> Task instructions:
The output should consist solely of the line containing "p_feasible (outer x)" and the lines that follow it through the end of the data below.

> Dataset entries:
----

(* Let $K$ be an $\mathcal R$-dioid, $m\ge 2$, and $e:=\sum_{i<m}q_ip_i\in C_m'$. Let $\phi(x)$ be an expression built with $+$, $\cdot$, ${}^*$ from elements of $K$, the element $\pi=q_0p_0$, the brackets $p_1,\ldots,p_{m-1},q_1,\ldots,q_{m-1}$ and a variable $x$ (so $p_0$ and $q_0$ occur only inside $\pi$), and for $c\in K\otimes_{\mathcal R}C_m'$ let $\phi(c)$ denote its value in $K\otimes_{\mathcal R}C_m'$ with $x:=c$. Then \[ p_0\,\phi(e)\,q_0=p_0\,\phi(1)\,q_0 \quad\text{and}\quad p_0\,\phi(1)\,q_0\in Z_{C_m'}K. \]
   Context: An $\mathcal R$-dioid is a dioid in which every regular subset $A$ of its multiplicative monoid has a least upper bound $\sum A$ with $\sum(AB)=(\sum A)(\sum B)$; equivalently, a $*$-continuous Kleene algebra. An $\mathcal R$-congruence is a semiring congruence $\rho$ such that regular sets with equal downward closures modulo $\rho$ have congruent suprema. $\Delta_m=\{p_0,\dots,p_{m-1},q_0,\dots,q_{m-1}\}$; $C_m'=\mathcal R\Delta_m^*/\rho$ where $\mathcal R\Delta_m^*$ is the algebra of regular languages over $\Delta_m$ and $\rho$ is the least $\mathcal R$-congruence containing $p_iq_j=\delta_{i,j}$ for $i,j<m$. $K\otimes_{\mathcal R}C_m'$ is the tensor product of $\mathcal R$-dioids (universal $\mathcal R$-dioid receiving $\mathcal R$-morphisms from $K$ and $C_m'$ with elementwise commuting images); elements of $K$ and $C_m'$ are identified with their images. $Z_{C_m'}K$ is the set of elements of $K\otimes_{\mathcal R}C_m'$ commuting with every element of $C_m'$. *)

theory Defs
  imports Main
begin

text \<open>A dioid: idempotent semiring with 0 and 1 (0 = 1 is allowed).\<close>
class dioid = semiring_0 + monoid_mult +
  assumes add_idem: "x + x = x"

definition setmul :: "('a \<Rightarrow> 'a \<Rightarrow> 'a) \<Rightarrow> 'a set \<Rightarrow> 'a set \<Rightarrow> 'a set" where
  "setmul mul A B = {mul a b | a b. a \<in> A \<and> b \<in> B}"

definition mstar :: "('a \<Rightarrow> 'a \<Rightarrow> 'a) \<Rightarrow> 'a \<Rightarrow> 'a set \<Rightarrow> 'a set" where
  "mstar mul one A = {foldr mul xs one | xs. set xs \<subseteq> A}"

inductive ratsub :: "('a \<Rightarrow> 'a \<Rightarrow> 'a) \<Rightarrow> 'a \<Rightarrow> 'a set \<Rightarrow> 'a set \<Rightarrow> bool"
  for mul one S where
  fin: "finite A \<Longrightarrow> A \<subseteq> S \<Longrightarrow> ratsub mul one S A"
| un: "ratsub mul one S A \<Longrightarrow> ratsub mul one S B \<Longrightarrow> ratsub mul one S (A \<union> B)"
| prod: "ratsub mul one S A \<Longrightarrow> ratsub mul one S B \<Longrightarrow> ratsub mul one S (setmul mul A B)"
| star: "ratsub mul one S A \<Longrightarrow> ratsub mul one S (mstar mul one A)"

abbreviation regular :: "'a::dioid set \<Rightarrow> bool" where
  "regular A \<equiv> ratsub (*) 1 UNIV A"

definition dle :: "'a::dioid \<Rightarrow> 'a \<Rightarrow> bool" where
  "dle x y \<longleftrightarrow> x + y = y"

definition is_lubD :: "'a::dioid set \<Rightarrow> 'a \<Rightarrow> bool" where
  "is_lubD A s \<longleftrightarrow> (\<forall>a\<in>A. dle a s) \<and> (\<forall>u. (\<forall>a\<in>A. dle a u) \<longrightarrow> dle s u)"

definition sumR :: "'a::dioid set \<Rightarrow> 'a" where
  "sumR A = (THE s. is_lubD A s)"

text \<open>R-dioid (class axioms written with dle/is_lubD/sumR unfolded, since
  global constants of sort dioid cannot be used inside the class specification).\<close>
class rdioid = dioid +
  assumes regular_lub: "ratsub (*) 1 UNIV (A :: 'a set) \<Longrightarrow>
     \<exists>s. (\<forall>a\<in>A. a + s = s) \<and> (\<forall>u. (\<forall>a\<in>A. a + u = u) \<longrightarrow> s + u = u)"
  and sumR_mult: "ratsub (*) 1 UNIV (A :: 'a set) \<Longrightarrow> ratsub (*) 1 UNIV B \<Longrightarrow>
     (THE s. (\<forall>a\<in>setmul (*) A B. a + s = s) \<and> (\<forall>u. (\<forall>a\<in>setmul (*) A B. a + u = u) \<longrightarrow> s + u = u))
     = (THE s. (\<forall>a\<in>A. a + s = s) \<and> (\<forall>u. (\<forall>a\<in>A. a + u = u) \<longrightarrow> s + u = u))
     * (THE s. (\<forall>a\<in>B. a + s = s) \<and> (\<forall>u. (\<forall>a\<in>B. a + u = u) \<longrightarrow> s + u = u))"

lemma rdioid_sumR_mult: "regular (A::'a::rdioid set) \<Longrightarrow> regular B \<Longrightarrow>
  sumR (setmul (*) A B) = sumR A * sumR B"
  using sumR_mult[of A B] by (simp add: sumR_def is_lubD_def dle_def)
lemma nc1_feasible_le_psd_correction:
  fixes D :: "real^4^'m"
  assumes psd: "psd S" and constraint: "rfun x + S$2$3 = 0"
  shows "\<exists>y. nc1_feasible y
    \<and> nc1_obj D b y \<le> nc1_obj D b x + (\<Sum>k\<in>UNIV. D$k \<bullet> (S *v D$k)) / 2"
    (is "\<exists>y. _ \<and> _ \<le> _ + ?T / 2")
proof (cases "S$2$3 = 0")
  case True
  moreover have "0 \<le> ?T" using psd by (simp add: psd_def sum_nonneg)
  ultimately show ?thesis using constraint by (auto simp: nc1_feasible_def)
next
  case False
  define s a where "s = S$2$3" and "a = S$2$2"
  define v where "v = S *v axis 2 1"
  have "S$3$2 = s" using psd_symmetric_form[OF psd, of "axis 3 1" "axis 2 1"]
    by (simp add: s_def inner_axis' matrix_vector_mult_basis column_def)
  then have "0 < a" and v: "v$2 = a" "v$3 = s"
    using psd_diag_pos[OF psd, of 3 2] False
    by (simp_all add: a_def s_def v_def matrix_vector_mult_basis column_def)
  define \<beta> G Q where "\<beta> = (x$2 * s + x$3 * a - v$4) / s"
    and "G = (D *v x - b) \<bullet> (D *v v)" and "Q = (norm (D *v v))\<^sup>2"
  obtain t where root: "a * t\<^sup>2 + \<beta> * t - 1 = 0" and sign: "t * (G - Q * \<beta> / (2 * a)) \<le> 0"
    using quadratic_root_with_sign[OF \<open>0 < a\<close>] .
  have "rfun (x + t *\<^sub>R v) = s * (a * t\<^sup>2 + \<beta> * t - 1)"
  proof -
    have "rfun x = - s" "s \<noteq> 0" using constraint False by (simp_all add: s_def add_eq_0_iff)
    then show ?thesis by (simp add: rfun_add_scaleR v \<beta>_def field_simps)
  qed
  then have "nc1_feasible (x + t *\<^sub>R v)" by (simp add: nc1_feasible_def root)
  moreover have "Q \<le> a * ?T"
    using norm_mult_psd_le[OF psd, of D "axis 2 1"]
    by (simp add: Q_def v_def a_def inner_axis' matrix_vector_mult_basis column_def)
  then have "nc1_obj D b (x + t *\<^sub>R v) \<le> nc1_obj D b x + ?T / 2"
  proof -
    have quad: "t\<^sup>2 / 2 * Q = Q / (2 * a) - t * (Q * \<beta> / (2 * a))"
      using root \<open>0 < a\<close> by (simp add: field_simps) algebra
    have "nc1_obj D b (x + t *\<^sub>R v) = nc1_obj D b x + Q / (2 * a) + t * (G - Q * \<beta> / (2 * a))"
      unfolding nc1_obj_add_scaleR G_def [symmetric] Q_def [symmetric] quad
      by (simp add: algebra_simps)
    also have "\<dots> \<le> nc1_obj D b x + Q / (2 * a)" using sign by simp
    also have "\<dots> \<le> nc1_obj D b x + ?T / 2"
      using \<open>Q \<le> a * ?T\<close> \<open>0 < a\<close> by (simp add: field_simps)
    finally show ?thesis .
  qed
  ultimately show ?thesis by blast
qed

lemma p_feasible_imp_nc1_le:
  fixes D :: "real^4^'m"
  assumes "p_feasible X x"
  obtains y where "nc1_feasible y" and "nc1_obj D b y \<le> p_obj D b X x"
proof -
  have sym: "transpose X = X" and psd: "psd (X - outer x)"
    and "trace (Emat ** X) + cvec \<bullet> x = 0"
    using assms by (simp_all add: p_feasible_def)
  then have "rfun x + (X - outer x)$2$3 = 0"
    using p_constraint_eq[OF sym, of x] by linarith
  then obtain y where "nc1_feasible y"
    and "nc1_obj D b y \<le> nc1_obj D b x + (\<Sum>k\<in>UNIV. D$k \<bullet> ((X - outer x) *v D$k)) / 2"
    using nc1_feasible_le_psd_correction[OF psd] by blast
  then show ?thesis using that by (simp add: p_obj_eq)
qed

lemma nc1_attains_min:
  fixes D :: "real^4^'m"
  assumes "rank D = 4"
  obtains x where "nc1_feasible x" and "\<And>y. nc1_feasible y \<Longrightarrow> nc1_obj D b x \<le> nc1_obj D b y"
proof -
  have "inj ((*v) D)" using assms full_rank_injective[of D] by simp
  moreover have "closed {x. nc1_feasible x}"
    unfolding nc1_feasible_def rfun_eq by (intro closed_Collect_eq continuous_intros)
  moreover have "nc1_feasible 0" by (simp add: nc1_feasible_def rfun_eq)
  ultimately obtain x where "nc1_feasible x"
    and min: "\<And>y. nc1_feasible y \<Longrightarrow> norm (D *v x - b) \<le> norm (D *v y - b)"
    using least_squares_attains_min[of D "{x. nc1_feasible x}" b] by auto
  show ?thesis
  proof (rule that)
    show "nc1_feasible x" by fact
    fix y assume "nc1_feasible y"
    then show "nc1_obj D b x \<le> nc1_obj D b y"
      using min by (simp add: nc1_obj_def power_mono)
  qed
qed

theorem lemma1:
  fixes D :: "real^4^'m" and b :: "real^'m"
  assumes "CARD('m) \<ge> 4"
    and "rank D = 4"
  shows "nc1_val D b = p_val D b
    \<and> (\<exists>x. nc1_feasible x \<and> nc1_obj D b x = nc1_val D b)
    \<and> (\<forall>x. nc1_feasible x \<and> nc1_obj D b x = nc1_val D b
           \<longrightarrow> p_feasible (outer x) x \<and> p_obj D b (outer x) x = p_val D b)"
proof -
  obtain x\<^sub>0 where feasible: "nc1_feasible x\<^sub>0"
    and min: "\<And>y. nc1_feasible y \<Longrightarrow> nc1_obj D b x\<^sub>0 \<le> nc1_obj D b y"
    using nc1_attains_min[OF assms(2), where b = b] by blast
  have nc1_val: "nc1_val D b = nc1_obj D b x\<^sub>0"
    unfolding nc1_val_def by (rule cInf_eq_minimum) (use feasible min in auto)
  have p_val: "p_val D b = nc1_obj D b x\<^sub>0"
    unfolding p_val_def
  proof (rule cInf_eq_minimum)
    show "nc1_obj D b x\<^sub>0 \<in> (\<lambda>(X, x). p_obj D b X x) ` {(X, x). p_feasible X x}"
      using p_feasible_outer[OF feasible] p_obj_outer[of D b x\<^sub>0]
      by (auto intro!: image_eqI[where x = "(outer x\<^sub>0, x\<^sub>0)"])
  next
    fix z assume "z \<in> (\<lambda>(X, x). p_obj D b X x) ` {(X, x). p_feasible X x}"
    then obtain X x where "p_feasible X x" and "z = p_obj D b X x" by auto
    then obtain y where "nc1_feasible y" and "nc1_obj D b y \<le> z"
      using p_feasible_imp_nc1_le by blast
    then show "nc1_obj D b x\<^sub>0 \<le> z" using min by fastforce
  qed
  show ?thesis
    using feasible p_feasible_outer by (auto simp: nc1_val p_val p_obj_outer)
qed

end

----

> Answer section:
           \<longrightarrow> p_feasible (outer x) x \<and> p_obj D b (outer x) x = p_val D b)"
proof -
  obtain x\<^sub>0 where feasible: "nc1_feasible x\<^sub>0"
    and min: "\<And>y. nc1_feasible y \<Longrightarrow> nc1_obj D b x\<^sub>0 \<le> nc1_obj D b y"
    using nc1_attains_min[OF assms(2), where b = b] by blast
  have nc1_val: "nc1_val D b = nc1_obj D b x\<^sub>0"
    unfolding nc1_val_def by (rule cInf_eq_minimum) (use feasible min in auto)
  have p_val: "p_val D b = nc1_obj D b x\<^sub>0"
    unfolding p_val_def
  proof (rule cInf_eq_minimum)
    show "nc1_obj D b x\<^sub>0 \<in> (\<lambda>(X, x). p_obj D b X x) ` {(X, x). p_feasible X x}"
      using p_feasible_outer[OF feasible] p_obj_outer[of D b x\<^sub>0]
      by (auto intro!: image_eqI[where x = "(outer x\<^sub>0, x\<^sub>0)"])
  next
    fix z assume "z \<in> (\<lambda>(X, x). p_obj D b X x) ` {(X, x). p_feasible X x}"
    then obtain X x where "p_feasible X x" and "z = p_obj D b X x" by auto
    then obtain y where "nc1_feasible y" and "nc1_obj D b y \<le> z"
      using p_feasible_imp_nc1_le by blast
    then show "nc1_obj D b x\<^sub>0 \<le> z" using min by fastforce
  qed
  show ?thesis
    using feasible p_feasible_outer by (auto simp: nc1_val p_val p_obj_outer)
qed

end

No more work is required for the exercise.